The IFRAME tag is added to the end of every file.

I would check any PC that tested positive for any trojan/worm/virus recently --- even if you cleaned the virus, the infected web pages were most likely not cleaned, (no major anti-virus / spyware company appears to have info on this exploit/virus).

Use Search Files/Folders utility with option to search for text within files.

search for: <snip>

NOTE: searching G for same term shows 236 results, most not in not in English..

[edited by: trillianjedi at 3:24 pm (utc) on Feb. 22, 2007]
[edit reason] See below [/edit]

rocknbil

9:24 am on Feb 22, 2007 (gmt 0)

WebmasterWorld Senior Member 10+ Year Member



Wouldn't this reveal itself in view source?

rokec

3:07 pm on Feb 22, 2007 (gmt 0)

10+ Year Member



Sure, you can see everything with notepad or similar editor.

trillianjedi

3:26 pm on Feb 22, 2007 (gmt 0)

WebmasterWorld Senior Member 10+ Year Member



Let's not post any URL's please where the page pointed to may contain a virus/spyware/trojan etc.

Not everyone here has English as a first language - people may unwittingly drop that URL into a web browser.

Did you discover this one lexipixel or is it referenced on a security related wesbite somewhere?

lexipixel

9:01 am on Feb 23, 2007 (gmt 0)

WebmasterWorld Senior Member 10+ Year Member Top Contributors Of The Month



rocknbil: yeah, you can do a view source on a file and look for the IFRAME at the very end of the file. The reasons I suggested doing a search (include all drives and subdirectories) is that the HTML files could have been infected on another machine and downloaded. In this case every file on the machine will not be affected, just the ones you've downloaded, (or in the case of a webserver, just the files that were uploaded to it).

To be clear:

The HTML, PHP and ASP files are corrupted by a trojan on an end user's machine. The danger is that the [person/user/web developer] could then upload the corrupted files to a live server, helping to spread the worm. The worm will not spread from file to file on the server (so it would be hit or miss just viewing source on a couple files on a server -- I would search all drives).

trillianjedi:
I didn't discovered it -- I just seem to be the only one wondering about it.

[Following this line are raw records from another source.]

text \<open>
  Let A be the signed adjacency matrix (+1 on edges, -1 on non-edges, 0 on the diagonal).
  A fixed polynomial Q of degree at most four in the entries of A, summed over the 24
  orderings of a 4-set S, is at most the pattern weight of S minus 5/16; this is checked on
  all 64 labelled graphs on four vertices. Summing over all 4-sets, the hypothesis makes the
  sum of Q over all injective 4-tuples nonpositive, so the sum over all 4-tuples is O(n^3).
  In that sum the terms of Q spanning two or three edges add up to something nonnegative
  (a square, and paths of length two and three balanced by AM-GM), which leaves
  tr A^4 = O(n^3). Finally, Cauchy-Schwarz applied twice gives
  (sum of A over U x W)^4 <= |U|^2 |W|^2 tr A^4, so sets of size at least delta n with
  delta of order n^(-1/8) have edge density 1/2 +- delta between them.
\<close>

section \<open>Ordered four-tuples\<close>

definition orderings :: "'a set \<Rightarrow> ('a \<times> 'a \<times> 'a \<times> 'a) set" where
  "orderings S = {(a, b, c, d). distinct [a, b, c, d] \<and> {a, b, c, d} = S}"

definition distinct_tuples :: "'a set \<Rightarrow> ('a \<times> 'a \<times> 'a \<times> 'a) set" where
  "distinct_tuples V = {(a, b, c, d). a \<in> V \<and> b \<in> V \<and> c \<in> V \<and> d \<in> V \<and> distinct [a, b, c, d]}"

lemma sum_tuples_nested:
  "(\<Sum>x\<in>V \<times> V \<times> V \<times> V. f x) = (\<Sum>a\<in>V. \<Sum>b\<in>V. \<Sum>c\<in>V. \<Sum>d\<in>V. f (a, b, c, d))"
  by (simp add: sum.cartesian_product)

lemma card_4_iff: "card S = 4 \<longleftrightarrow> (\<exists>a b c d. S = {a, b, c, d} \<and> distinct [a, b, c, d])"
proof
  assume "card S = 4"
  then obtain a T where "S = insert a T" "a \<notin> T" "card T = 3"
    using card_eq_SucD[of S 3] by auto
  then show "\<exists>a b c d. S = {a, b, c, d} \<and> distinct [a, b, c, d]"
    unfolding card_3_iff by auto
qed (auto simp: card_insert_if)
lemma integral01_reflect: "integral01 (pcompose p one_minus_X) = integral01 p"
proof -
  have "pderiv (pcompose (antideriv p) one_minus_X) = - pcompose p one_minus_X"
    by (simp add: pderiv_pcompose)
  then have "integral01 (- pcompose p one_minus_X) = poly (antideriv p) 0 - poly (antideriv p) 1"
    by (simp add: integral01_antiderivative poly_pcompose)
  then show ?thesis
    unfolding integral01_uminus integral01_def[of p] by (metis minus_diff_eq minus_minus)
qed

lemma integral01_eq_0_if_reflect_odd:
  assumes "pcompose p one_minus_X = - p"
  shows "integral01 p = 0"
  using integral01_reflect[of p] by (simp add: assms integral01_uminus)

section \<open>Fubini polynomials\<close>

definition fubini_step :: "'a::idom poly \<Rightarrow> 'a poly" where
  "fubini_step p = X_poly * one_minus_X * pderiv p - X_poly * p"

lemma fubini_step_add: "fubini_step (p + q) = fubini_step p + fubini_step q"
  by (simp add: fubini_step_def pderiv_add algebra_simps)

lemma fubini_step_of_nat_mult: "fubini_step (of_nat c * p) = of_nat c * fubini_step p"
  by (simp add: fubini_step_def pderiv_mult algebra_simps)

lemma fubini_step_sum: "fubini_step (\<Sum>k\<in>A. f k) = (\<Sum>k\<in>A. fubini_step (f k))"
  by (induction A rule: infinite_finite_induct)
     (simp_all add: fubini_step_add fubini_step_def[of 0])
(* Let $\alpha>1$, $\varepsilon>0$, $\delta\in(0,1)$, and let $\pi^*$ be the function defined by $\pi^*(0)=0$, $\pi^*(n)=L(\pi^*(n-1))$ for $n>0$, where $L(q)=\max\{p\in[q,1]: D^\delta_\alpha(\mathrm{Ber}(p)\|\mathrm{Ber}(q))\le\varepsilon \text{ and } D^\delta_\alpha(\mathrm{Ber}(q)\|\mathrm{Ber}(p))\le\varepsilon\}$. Suppose $\pi^*(2) > 3\,\pi^*(1)$. Then, for the universe $U=\{1,2\}$, there is no optimal partition selection mechanism for $(\delta,\alpha,\varepsilon)$-RDP with $\Delta_1 = 2$; that is, there is no partition selection mechanism $M^*$ that is $(\delta,\alpha,\varepsilon)$-RDP for $\Delta_1=2$ such that $\mathbb{E}[|M^*(X)|]\ge\mathbb{E}[|M(X)|]$ for every dataset $X$ and every partition selection mechanism $M$ that is $(\delta,\alpha,\varepsilon)$-RDP for $\Delta_1 = 2$.
   Context: $\mathrm{Ber}(p)$: Bernoulli distribution. For $\alpha>1$, $D_\alpha(P\|Q)=\frac{1}{\alpha-1}\log\sum_x P(x)^\alpha Q(x)^{1-\alpha}$ and $D^\delta_\alpha(P\|Q)=\inf\{D_\alpha(P'\|Q'): P=(1-\delta)P'+\delta P'',\ Q=(1-\delta)Q'+\delta Q''\}$ over probability distributions. A randomized algorithm $M$ is $(\delta,\alpha,\varepsilon)$-RDP w.r.t. a neighboring relation if $D^\delta_\alpha(M(X)\|M(X'))\le\varepsilon$ for all neighbors $X,X'$ (both orders). Datasets are $X\in\mathbb{Z}_{\ge0}^U$; $X, X'$ are neighbors for $\Delta_1=\Delta$ if $\|X-X'\|_1\le\Delta$. A partition selection mechanism is a randomized map $M$ from datasets to subsets of $U$ with $M(X)\subseteq\{u: X_u>0\}$ always. *)

theory Defs
  imports "HOL-Probability.Probability"
begin

definition renyi_div :: "real \<Rightarrow> 'a pmf \<Rightarrow> 'a pmf \<Rightarrow> ereal" where
  "renyi_div \<alpha> P Q =
    (let S = (\<integral>\<^sup>+ x. (if pmf P x = 0 then 0
                       else if pmf Q x = 0 then \<infinity>
                       else ennreal (pmf P x powr \<alpha> * pmf Q x powr (1 - \<alpha>))) \<partial>count_space UNIV)
     in if S = \<infinity> then \<infinity> else ereal (ln (enn2real S) / (\<alpha> - 1)))"

definition approx_renyi_div :: "real \<Rightarrow> real \<Rightarrow> 'a pmf \<Rightarrow> 'a pmf \<Rightarrow> ereal" where
  "approx_renyi_div \<delta> \<alpha> P Q =
    Inf {renyi_div \<alpha> P' Q' | P' P'' Q' Q''.
           (\<forall>x. pmf P x = (1 - \<delta>) * pmf P' x + \<delta> * pmf P'' x) \<and>
           (\<forall>x. pmf Q x = (1 - \<delta>) * pmf Q' x + \<delta> * pmf Q'' x)}"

I found the corrupted files on one of my kids' machines after a virus clean up, (they didn't tell me until it was near dead from spawned processes: "Dad, the computer is running real slow and acting weird -- it's been getting worse and worse for a couple days".

For clean ups, I usually go in and do a search by descending date order to find the most recently modified files.

I noticed a batch of .HTML files all with the same recent date that should not have been modified at all and opened one... Found the IFRAME code at the end just cause it looked out of place after the </HTML> tag. I opened a few more and found the same, then searched the entire machine to find every file had it --- next stop Google and found a few references --- but only 2-3 in English that other people had found the same thing. Most of the rest are Chinese or Japanese posts -- I did online translation for the one from Symatec..

I posted about it in the AVG support forum (at GriSoft, that machine uses their AVG anti virus software)...Nobody ever heard of it there.

You could just search for files that contain the string "krvkr" within the text. A variant uses the same IFRAME exploit but another URL with "lovebak" in place of the "krvkr". Both reference the same "worm.htm" file.

It may be related or a side effect of Fujacks or Realor virus, but I am not really sure... I just see those names popping up in the Chine translations.